WPCs are produced by thoroughly mixing ground wood particles and heated thermoplastic resin. The most common method of production is to extrude the material into the desired shape, though injection molding is also used. WPCs may be produced from either virgin or recycled thermoplastics including high-density polyethylene (HDPE), low-density polyethylene (LDPE), polyvinyl chloride (PVC), polypropylene (PP), acrylonitrile butadiene styrene (ABS), polystyrene (PS), and polylactic acid (PLA). PE-based WPCs are by far the most common. Additives such as colorants, coupling agents, UV stabilizers, blowing agents, foaming agents, and lubricants help tailor the end product to the target area of application. Extruded WPCs are formed into both solid and hollow profiles. A large variety of injection molded parts are also produced, from automotive door panels to cell phone covers.

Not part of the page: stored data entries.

definition ffun :: "nat \<Rightarrow> nat \<Rightarrow> (nat \<Rightarrow> nat \<Rightarrow> real) \<Rightarrow> (nat \<Rightarrow> nat \<Rightarrow> real)
    \<Rightarrow> (nat \<Rightarrow> nat \<Rightarrow> real) \<Rightarrow> nat set \<Rightarrow> real" where
  "ffun n m q rho xi S = Sup {(\<Sum>i\<in>S \<union> {n}. gfun n m q rho xi i (z i)) | z :: nat \<Rightarrow> real.
      (\<Sum>i\<in>S \<union> {n}. z i) \<le> 1 \<and> (\<forall>i\<in>S \<union> {n}. 0 \<le> z i)}"

end

theory Submission
  imports Defs "HOL-Analysis.Convex"
begin

text \<open>
  f(S) is the best value of splitting a unit budget among the functions g_i, i \<in> S \<union> {n}, and
  each g_i is the value of a linear program whose right-hand side is z; hence g_i is non-negative,
  bounded and concave on [0, \<infinity>). Non-negativity and monotonicity of f follow by giving new
  actions budget 0. For submodularity take a budget split u for S \<union> T and w for S \<inter> T. On the
  common part S \<inter> T replace u and w by the mixtures \<theta>u + (1-\<theta>)w and (1-\<theta>)u + \<theta>w; the weight
  \<theta> can be chosen so that the resulting splits for S and for T both respect the unit budget, and
  by concavity the two mixtures together are worth at least u and w together.
\<close>

definition budget_value :: "('a \<Rightarrow> real \<Rightarrow> real) \<Rightarrow> 'a set \<Rightarrow> real" where
  "budget_value G A = Sup {(\<Sum>i\<in>A. G i (z i)) | z. (\<Sum>i\<in>A. z i) \<le> 1 \<and> (\<forall>i\<in>A. 0 \<le> z i)}"

lemma budget_value_upper:
  assumes "finite A" and bounded: "\<And>i. i \<in> A \<Longrightarrow> bdd_above (G i ` {0..})"
    and "(\<Sum>i\<in>A. z i) \<le> 1" "\<forall>i\<in>A. 0 \<le> z i"
  shows "(\<Sum>i\<in>A. G i (z i)) \<le> budget_value G A"
proof -
  have "\<forall>i\<in>A. \<exists>M. \<forall>y\<ge>0. G i y \<le> M"
    using bounded by (fastforce simp: bdd_above_def)
  then obtain M where M: "\<And>i y. i \<in> A \<Longrightarrow> 0 \<le> y \<Longrightarrow> G i y \<le> M i"
    by metis
  have "bdd_above {(\<Sum>i\<in>A. G i (z i)) | z. (\<Sum>i\<in>A. z i) \<le> 1 \<and> (\<forall>i\<in>A. 0 \<le> z i)}"
    unfolding bdd_above_def by (auto intro!: exI[of _ "\<Sum>i\<in>A. M i"] sum_mono M)
  then show ?thesis
    unfolding budget_value_def using assms(3,4) by (auto intro!: cSup_upper)
qed

lemma budget_value_least:
  assumes "\<And>z. (\<Sum>i\<in>A. z i) \<le> 1 \<Longrightarrow> \<forall>i\<in>A. 0 \<le> z i \<Longrightarrow> (\<Sum>i\<in>A. G i (z i)) \<le> c"
  shows "budget_value G A \<le> c"
  unfolding budget_value_def
proof (rule cSup_least)
  show "{(\<Sum>i\<in>A. G i (z i)) | z. (\<Sum>i\<in>A. z i) \<le> 1 \<and> (\<forall>i\<in>A. 0 \<le> z i)} \<noteq> {}"
    by (auto intro!: exI[of _ "\<lambda>_. 0"])
qed (use assms in auto)

lemma budget_value_nonneg:
  assumes "finite A" "\<And>i. i \<in> A \<Longrightarrow> bdd_above (G i ` {0..})" "\<And>i. i \<in> A \<Longrightarrow> 0 \<le> G i 0"
  shows "0 \<le> budget_value G A"
proof -
  have "0 \<le> (\<Sum>i\<in>A. G i 0)"
    using assms(3) by (rule sum_nonneg)
  also have "\<dots> \<le> budget_value G A"
    using budget_value_upper[OF assms(1,2), where z="\<lambda>_. 0"] by simp
  finally show ?thesis .
qed

lemma budget_value_mono:
  assumes "A \<subseteq> B" "finite B" "\<And>i. i \<in> B \<Longrightarrow> bdd_above (G i ` {0..})"
    and "\<And>i. i \<in> B - A \<Longrightarrow> 0 \<le> G i 0"
  shows "budget_value G A \<le> budget_value G B"
proof (rule budget_value_least)
  fix z :: "'a \<Rightarrow> real" assume z: "(\<Sum>i\<in>A. z i) \<le> 1" "\<forall>i\<in>A. 0 \<le> z i"
  define z' where "z' i = (if i \<in> A then z i else 0)" for i
  have split: "(\<Sum>i\<in>B. h i) = (\<Sum>i\<in>B - A. h i) + (\<Sum>i\<in>A. h i)" for h :: "'a \<Rightarrow> real"
    using sum.subset_diff[OF assms(1,2)] .
  have "(\<Sum>i\<in>A. G i (z i)) \<le> (\<Sum>i\<in>B - A. G i 0) + (\<Sum>i\<in>A. G i (z i))"
    using assms(4) sum_nonneg[of "B - A" "\<lambda>i. G i 0"] by simp
  also have "\<dots> = (\<Sum>i\<in>B. G i (z' i))"
    by (subst split) (simp add: z'_def)
  also have "\<dots> \<le> budget_value G B"
    by (rule budget_value_upper) (use assms(2,3) z split[of z'] in \<open>auto simp: z'_def\<close>)
  finally show "(\<Sum>i\<in>A. G i (z i)) \<le> budget_value G B" .
qed

text \<open>The weight \<open>t\<close> is chosen to make the first budget tight when neither endpoint works.\<close>

lemma exchange_weight_exists:
  fixes a b c d :: real
  assumes "0 \<le> a" "0 \<le> b" "0 \<le> c" "0 \<le> d" "a + b + c \<le> 1" "d \<le> 1"
  shows "\<exists>t\<in>{0..1}. a + t * c + (1 - t) * d \<le> 1 \<and> b + (1 - t) * c + t * d \<le> 1"
proof (cases "d \<le> c \<or> a + d \<le> 1")
  case True
  then show ?thesis
    using assms by (elim disjE; intro bexI[of _ 1] bexI[of _ 0]) auto
next
  case False
  define t where "t = (a + d - 1) / (d - c)"
  have t_eq: "t * (d - c) = a + d - 1"
    using False by (simp add: t_def)
  have "0 \<le> t" "t \<le> 1"
    using False assms by (auto simp: t_def field_simps)
  moreover have "a + t * c + (1 - t) * d = 1" "b + (1 - t) * c + t * d = a + b + c + d - 1"
    using t_eq by (simp_all add: algebra_simps)
  ultimately show ?thesis
    using assms by (intro bexI[of _ t]) auto
qed

definition mix_on :: "'a set \<Rightarrow> real \<Rightarrow> ('a \<Rightarrow> real) \<Rightarrow> ('a \<Rightarrow> real) \<Rightarrow> 'a \<Rightarrow> real" where
  "mix_on C t u w i = (if i \<in> C then t * u i + (1 - t) * w i else u i)"

lemma sum_mix_on:
  assumes "finite A"
  shows "(\<Sum>i\<in>A. mix_on C t u w i)
    = (\<Sum>i\<in>A - C. u i) + t * (\<Sum>i\<in>A \<inter> C. u i) + (1 - t) * (\<Sum>i\<in>A \<inter> C. w i)"
  using sum.Int_Diff[OF assms, of "mix_on C t u w" C]
  by (simp add: mix_on_def sum.distrib sum_distrib_left)

lemma sum_comp_mix_on:
  assumes "finite A"
  shows "(\<Sum>i\<in>A. G i (mix_on C t u w i))
    = (\<Sum>i\<in>A - C. G i (u i)) + (\<Sum>i\<in>A \<inter> C. G i (t * u i + (1 - t) * w i))"
  using sum.Int_Diff[OF assms, of "\<lambda>i. G i (mix_on C t u w i)" C]
  by (simp add: mix_on_def add.commute)

lemma concave_on_add_le_mix:
  fixes f :: "real \<Rightarrow> real"
  assumes "concave_on {0..} f" "0 \<le> x" "0 \<le> y" "0 \<le> t" "t \<le> 1"
  shows "f x + f y \<le> f (t * x + (1 - t) * y) + f ((1 - t) * x + t * y)"
proof -
  have "(1 - t) * f y + t * f x \<le> f (t * x + (1 - t) * y)"
    using concave_onD[OF assms(1), of t y x] assms(2-5) by (simp add: add.commute)
  moreover have "(1 - t) * f x + t * f y \<le> f ((1 - t) * x + t * y)"
    using concave_onD[OF assms(1), of t x y] assms(2-5) by simp
  ultimately show ?thesis
    by (simp add: algebra_simps)
qed
(* For every cubic graph $G$, $\nu_3(G) \geq \frac{7}{6}\cdot |V(G)|$.
   Context: Graphs are finite, without loops, possibly with multiple edges; a graph is cubic if every vertex has degree $3$. For $k\geq 1$, $\nu_k(G)$ is the maximum number of edges of a $k$-edge-colorable subgraph of $G$. *)

theory Defs
  imports Complex_Main
begin

text \<open>Parallel edges are distinct elements of E with the same endpoints.\<close>
definition multigraph :: "'v set \<Rightarrow> 'e set \<Rightarrow> ('e \<Rightarrow> 'v set) \<Rightarrow> bool" where
  "multigraph V E ends \<longleftrightarrow> finite V \<and> finite E \<and>
     (\<forall>e\<in>E. ends e \<subseteq> V \<and> card (ends e) = 2)"

definition degree :: "'e set \<Rightarrow> ('e \<Rightarrow> 'v set) \<Rightarrow> 'v \<Rightarrow> nat" where
  "degree E ends v = card {e\<in>E. v \<in> ends e}"

definition cubic :: "'v set \<Rightarrow> 'e set \<Rightarrow> ('e \<Rightarrow> 'v set) \<Rightarrow> bool" where
  "cubic V E ends \<longleftrightarrow> multigraph V E ends \<and> (\<forall>v\<in>V. degree E ends v = 3)"

definition proper_edge_coloring :: "nat \<Rightarrow> 'e set \<Rightarrow> ('e \<Rightarrow> 'v set) \<Rightarrow> ('e \<Rightarrow> nat) \<Rightarrow> bool" where
  "proper_edge_coloring k F ends c \<longleftrightarrow>
     (\<forall>e\<in>F. c e < k) \<and>
     (\<forall>e\<in>F. \<forall>f\<in>F. e \<noteq> f \<and> ends e \<inter> ends f \<noteq> {} \<longrightarrow> c e \<noteq> c f)"

definition k_edge_colorable :: "nat \<Rightarrow> 'e set \<Rightarrow> ('e \<Rightarrow> 'v set) \<Rightarrow> bool" where
  "k_edge_colorable k F ends \<longleftrightarrow> (\<exists>c. proper_edge_coloring k F ends c)"

definition nu :: "nat \<Rightarrow> 'e set \<Rightarrow> ('e \<Rightarrow> 'v set) \<Rightarrow> nat" where
  "nu k E ends = Max {card F | F. F \<subseteq> E \<and> k_edge_colorable k F ends}"

end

In some manufacturing facilities, the constituents are combined and processed in a pelletizing extruder, which produces pellets of the new material. The pellets are then re-melted and formed into the final shape. Other manufacturers complete the finished part in a single step of mixing and extrusion.

Due to the addition of organic material, WPCs are usually processed at far lower temperatures than traditional plastics during extrusion and injection molding. WPCs tend to process at temperatures of about 50 F-change lower than the same, unfilled material, for instance. Most will begin to burn at temperatures around 400 F. Processing WPCs at excessively high temperatures increases the risk of shearing, or burning and discoloration resulting from pushing a material that is too hot through a gate which is too small, during injection molding. The ratio of wood to plastic in the composite will ultimately determine the melt flow index (MFI) of the WPC, with larger amounts of wood generally leading to a lower MFI.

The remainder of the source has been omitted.